Mitigating Genomic Research Disparities in the Million Veteran Program


Funder Veterans Affairs
Recipient Organization James J Peters Va Medical Center
Country United States
Start Date Jul 01, 2024
End Date Jun 30, 2028
Duration 1,460 days
Number of Grantees 1
Roles Principal Investigator
Data Source NIH (US)
Grant ID 10924783
Grant Description

To study and improve healthcare outcomes for our Veterans, the Million Veteran Program (MVP) has collected genetic and electronic health record (EHR) data from more than 650,000 Veterans. As the largest biobank in the world, the MVP presents a unique opportunity to advance our understanding in detecting and treating

Veterans with serious mental illnesses (SMI). Nevertheless, prior research has indicated that translational research is often not equitable across demographic groups due to differences in sample sizes and healthcare disparities affecting the quality of the EHR data. Consequently, this proposal leverages novel statistical

approaches to boost the effective sample sizes across demographic groups.

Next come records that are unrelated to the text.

lemma set_integral_sums:
  fixes f :: "nat \<Rightarrow> 'a \<Rightarrow> real"
  assumes integrable: "\<And>n. set_integrable M A (f n)"
    and sums: "\<And>x. x \<in> A \<Longrightarrow> (\<lambda>n. f n x) sums g x"
    and abs_summable: "\<And>x. x \<in> A \<Longrightarrow> summable (\<lambda>n. norm (f n x))"
    and integral_bound: "\<And>n. (LINT x:A|M. norm (f n x)) \<le> c n"
    and summable_bound: "summable c"
  shows "set_integrable M A g" and "(\<lambda>n. LINT x:A|M. f n x) sums (LINT x:A|M. g x)"
proof -
  define F where "F n x = indicator A x * f n x" for n x
  have F_integrable: "integrable M (F n)" for n
    using integrable unfolding set_integrable_def F_def by simp
  have "(\<lambda>n. F n x) sums (indicator A x * g x)" for x
    by (cases "x \<in> A") (simp_all add: F_def sums sums_mult)
  then have F_suminf: "(\<lambda>x. \<Sum>n. F n x) = (\<lambda>x. indicator A x * g x)"
    by (simp add: sums_iff)
  have F_abs_summable: "AE x in M. summable (\<lambda>n. norm (F n x))"
    using abs_summable by (intro AE_I2) (auto simp: F_def split: split_indicator)
  have "(\<integral>x. norm (F n x) \<partial>M) = (LINT x:A|M. norm (f n x))" for n
    unfolding set_lebesgue_integral_def F_def
    by (rule Bochner_Integration.integral_cong) (auto split: split_indicator)
  moreover have "(LINT x:A|M. norm (f n x)) \<ge> 0" for n
    unfolding set_lebesgue_integral_def by (intro integral_nonneg_AE) auto
  ultimately have "summable (\<lambda>n. \<integral>x. norm (F n x) \<partial>M)"
    using integral_bound
    by (intro summable_comparison_test[OF _ summable_bound]) (auto intro!: exI[of _ 0])
  note termwise = integrable_suminf[OF F_integrable F_abs_summable this]
    sums_integral[OF F_integrable F_abs_summable this]
  show "set_integrable M A g" "(\<lambda>n. LINT x:A|M. f n x) sums (LINT x:A|M. g x)"
    using termwise unfolding F_suminf
      by (simp_all add: set_integrable_def set_lebesgue_integral_def F_def)
qed

lemma artanh_div_sums:
  fixes x :: real assumes "\<bar>x\<bar> < 1" "x \<noteq> 0"
  shows "(\<lambda>n. x^(2*n) / (2 * real n + 1)) sums (artanh x / x)"
proof -
  define X where "X = (1 + x) / (1 - x)"
  have "X > 0" "(X - 1) / (X + 1) = x"
    using assms unfolding X_def by (auto simp: field_simps)
  with ln_series_quadratic[of X]
  have "(\<lambda>n. 2 * x^(2*n+1) / real (2*n+1)) sums ln X" by simp
  then have "(\<lambda>n. 2 * x^(2*n+1) / real (2*n+1) / (2 * x)) sums (ln X / (2 * x))"
    by (rule sums_divide)
  then show ?thesis
    using assms by (simp add: artanh_def X_def add.commute)
qed

lemma summable_inverse_odd_squares: "summable (\<lambda>n. 1 / (2 * real n + 1)^2)"
proof (rule summable_comparison_test)
  show "summable (\<lambda>n. 1 / (real n + 1)^2)"
    using inverse_squares_sums by (simp add: sums_iff add.commute)
  show "\<exists>N. \<forall>n\<ge>N. norm (1 / (2 * real n + 1)^2) \<le> 1 / (real n + 1)^2"
    by (intro exI[of _ 0] allI impI) (simp add: divide_simps power_mono)
qed

lemma integral_abs_power_cos_ln_le:
  fixes b :: real and k :: nat
  shows "(LBINT x:{0<..<1}. \<bar>x^k * cos (b * ln x)\<bar>) \<le> 1 / (real k + 1)"
proof -
  have "(LBINT x:{0<..<1}. \<bar>x^k * cos (b * ln x)\<bar>) \<le> (LBINT x:{0<..<1}. x^k :: real)"
  proof (rule set_integral_mono)
    show "set_integrable lborel {0<..<1} (\<lambda>x. \<bar>x^k * cos (b * ln x)\<bar>)"
      by (intro set_integrable_abs integral_power_cos_ln(1))
    show "set_integrable lborel {0<..<1} (\<lambda>x. x^k :: real)"
      using integral_power_cos_ln(1)[of k 0] by simp
  qed (auto simp: abs_mult intro: mult_left_le)
  also have "\<dots> = 1 / (real k + 1)"
    using integral_power_cos_ln(2)[of k 0] by (simp add: power2_eq_square)
  finally show ?thesis .
qed

lemma integral_cos_ln_artanh_div:
  fixes b :: real
  shows "set_integrable lborel {0<..<1} (\<lambda>x. cos (b * ln x) * (artanh x / x))"
    and "(\<lambda>n. 1 / ((2 * real n + 1)^2 + b^2)) sums
           (LBINT x:{0<..<1}. cos (b * ln x) * (artanh x / x))"
proof -
  define f where "f n x = x^(2*n) * cos (b * ln x) / (2 * real n + 1)" for n and x :: real
  have f_integrable: "set_integrable lborel {0<..<1} (f n)" for n
    unfolding f_def by (intro set_integrable_divide integral_power_cos_ln(1))
  have f_bound: "\<bar>f n x\<bar> \<le> x^(2*n) / (2 * real n + 1)" if "x \<in> {0<..<1}" for n x
  proof -
    have "\<bar>f n x\<bar> = x^(2*n) * \<bar>cos (b * ln x)\<bar> / (2 * real n + 1)"
      using that by (simp add: f_def abs_mult)
    also have "\<dots> \<le> x^(2*n) / (2 * real n + 1)"
      using that by (intro divide_right_mono mult_left_le) auto
    finally show ?thesis .
  qed
  have f_abs_summable: "summable (\<lambda>n. norm (f n x))" if "x \<in> {0<..<1}" for x
  proof (rule summable_comparison_test)
    show "summable (\<lambda>n. x^(2*n) / (2 * real n + 1))"
      using artanh_div_sums[of x] that by (auto simp: sums_iff)
    show "\<exists>N. \<forall>n\<ge>N. norm (norm (f n x)) \<le> x^(2*n) / (2 * real n + 1)"
      using f_bound[OF that] by simp
  qed
  have f_integral_bound: "(LBINT x:{0<..<1}. norm (f n x)) \<le> 1 / (2 * real n + 1)^2" for n
  proof -
    have "(LBINT x:{0<..<1}. norm (f n x)) =
        (LBINT x:{0<..<1}. \<bar>x^(2*n) * cos (b * ln x)\<bar>) / (2 * real n + 1)"
      by (simp add: f_def abs_mult)
    also have "\<dots> \<le> 1 / (2 * real n + 1)^2"
      using integral_abs_power_cos_ln_le[of "2 * n" b]
      by (simp add: divide_right_mono power2_eq_square flip: divide_divide_eq_left)
    finally show ?thesis .
  qed
  have "(\<lambda>n. f n x) sums (cos (b * ln x) * (artanh x / x))" if "x \<in> {0<..<1}" for x
    using sums_mult[OF artanh_div_sums[of x], of "cos (b * ln x)"] that
    by (simp add: f_def mult_ac)
  note termwise = set_integral_sums[OF f_integrable this f_abs_summable f_integral_bound
      summable_inverse_odd_squares]
  show "set_integrable lborel {0<..<1} (\<lambda>x. cos (b * ln x) * (artanh x / x))"
    by (rule termwise(1))
  show "(\<lambda>n. 1 / ((2 * real n + 1)^2 + b^2)) sums
           (LBINT x:{0<..<1}. cos (b * ln x) * (artanh x / x))"
    using termwise(2) by (simp add: f_def integral_power_cos_ln(2) power2_eq_square)
qed

lemma tanh_of_real: "tanh (complex_of_real x) = complex_of_real (tanh x)"
  by (simp add: tanh_altdef flip: exp_of_real)

lemma Digamma_reflection_complex:
  fixes z :: complex
  assumes "z \<notin> \<int>"
  shows "Digamma (1 - z) - Digamma z = of_real pi * cot (of_real pi * z)"
proof -
  have "z \<notin> \<int>\<^sub>\<le>\<^sub>0" "1 - z \<notin> \<int>\<^sub>\<le>\<^sub>0"
    using assms Ints_diff[of 1 "1 - z"] nonpos_Ints_subset_Ints by auto
  then have "((\<lambda>z. Gamma z * Gamma (1 - z)) has_field_derivative
      Gamma z * Gamma (1 - z) * (Digamma z - Digamma (1 - z))) (at z)"
    by (auto intro!: derivative_eq_intros simp: algebra_simps)
  moreover have sin_nonzero: "sin (of_real pi * z) \<noteq> 0"
  proof
    assume "sin (of_real pi * z) = 0"
    then obtain n :: int where "of_real pi * z = of_real (of_int n * pi)"
      by (auto simp: sin_eq_0)
    then have "z = of_int n"
      by (simp add: field_simps)
    with assms show False
      by simp
  qed
  then have "((\<lambda>z. Gamma z * Gamma (1 - z)) has_field_derivative
      - of_real pi * (of_real pi * cos (of_real pi * z)) / (sin (of_real pi * z))^2) (at z)"
    unfolding Gamma_reflection_complex
    by (auto intro!: derivative_eq_intros simp: power2_eq_square)
  ultimately have "Gamma z * Gamma (1 - z) * (Digamma z - Digamma (1 - z)) =
      - of_real pi * (of_real pi * cos (of_real pi * z)) / (sin (of_real pi * z))^2"
    by (rule DERIV_unique)
  then have "of_real pi * sin (of_real pi * z) *
      (sin (of_real pi * z) * (Digamma (1 - z) - Digamma z)) =
      of_real pi * sin (of_real pi * z) * (of_real pi * cos (of_real pi * z))"
    using sin_nonzero by (simp add: Gamma_reflection_complex field_simps power2_eq_square)
  then have "sin (of_real pi * z) * (Digamma (1 - z) - Digamma z)
      = of_real pi * cos (of_real pi * z)"
    using sin_nonzero by simp
  then show ?thesis
    using sin_nonzero by (simp add: cot_def field_simps)
qed

lemma cot_pi_half_plus_imaginary:
  "cot (of_real pi * (1/2 + \<i> * of_real s)) = - \<i> * of_real (tanh (pi * s))"
proof -
  have "cot (of_real pi * (1/2 + \<i> * of_real s)) = - tan (\<i> * of_real (pi * s))"
    by (simp add: cot_def tan_def algebra_simps cos_add sin_add)
  also have "\<dots> = - \<i> * of_real (tanh (pi * s))"
    unfolding tanh_of_real[symmetric] by (simp add: tanh_conv_tan)
  finally show ?thesis .
qed

lemma inverse_half_plus_imaginary_diff:
  fixes s :: real and k :: nat
  shows "inverse (1/2 + \<i> * of_real s + of_nat k) - inverse (1 - (1/2 + \<i> * of_real s) + of_nat k) =
    - \<i> * of_real (8 * s / ((2 * real k + 1)^2 + (2 * s)^2))"
proof -
  define a where "a = real k + 1/2"
  have shifted: "1/2 + \<i> * of_real s + of_nat k = Complex a s"
      "1 - (1/2 + \<i> * of_real s) + of_nat k = Complex a (- s)"
    by (simp_all add: a_def complex_eq_iff)
  have denominator: "(2 * real k + 1)^2 + (2 * s)^2 = 4 * (a^2 + s^2)"
    by (simp add: a_def algebra_simps power2_eq_square)
  have "a^2 + s^2 > 0"
    by (simp add: a_def add_pos_nonneg)
  then show ?thesis
    unfolding shifted denominator
    by (simp add: complex_eq_iff inverse_complex_def power2_eq_square field_simps)
       (simp add: divide_eq_eq algebra_simps)
qed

To achieve these goals, genome-wide and transcriptome-wide association studies will be meta-analyzed using a novel meta-analytic approach, PheMED, that can integrate data of heterogeneous quality to boost sample sizes to detect novel genetic risk loci correlated with SMI related traits. First, PheMED will be leveraged to

integrate results from different trait definitions within a given demographic group for 21 different SMI related traits. For example, case definitions for bipolar disorder can be defined based on different code count thresholds, as recorded in the EHR. By leveraging a data-driven approach for integrating different thresholds

for defining bipolar disorder cases, PheMED boosts the number of cases across different demographic groups, such as sex and ancestry. These PheMED meta-analyses will facilitate the discovery of new genetic risk loci linked to serious mental illness related traits. The PheMED genome-wide and transcriptome-wide association

meta-analyses will then be employed to create polygenic risk scores on a 50% hold out set across different demographic groups. As the prevalence of many serious mental illness related traits depends on sex, this proposal will then leverage existing imputed genetic data to conduct association tests on the X chromosome to

improve polygenic risk stratification and detection of genetic variants linked to SMI related phenotypes. Code for implementing this pipeline will be shared with the broader MVP research community to promote equitability in research and advance targeted genetic findings for both male and female Veterans.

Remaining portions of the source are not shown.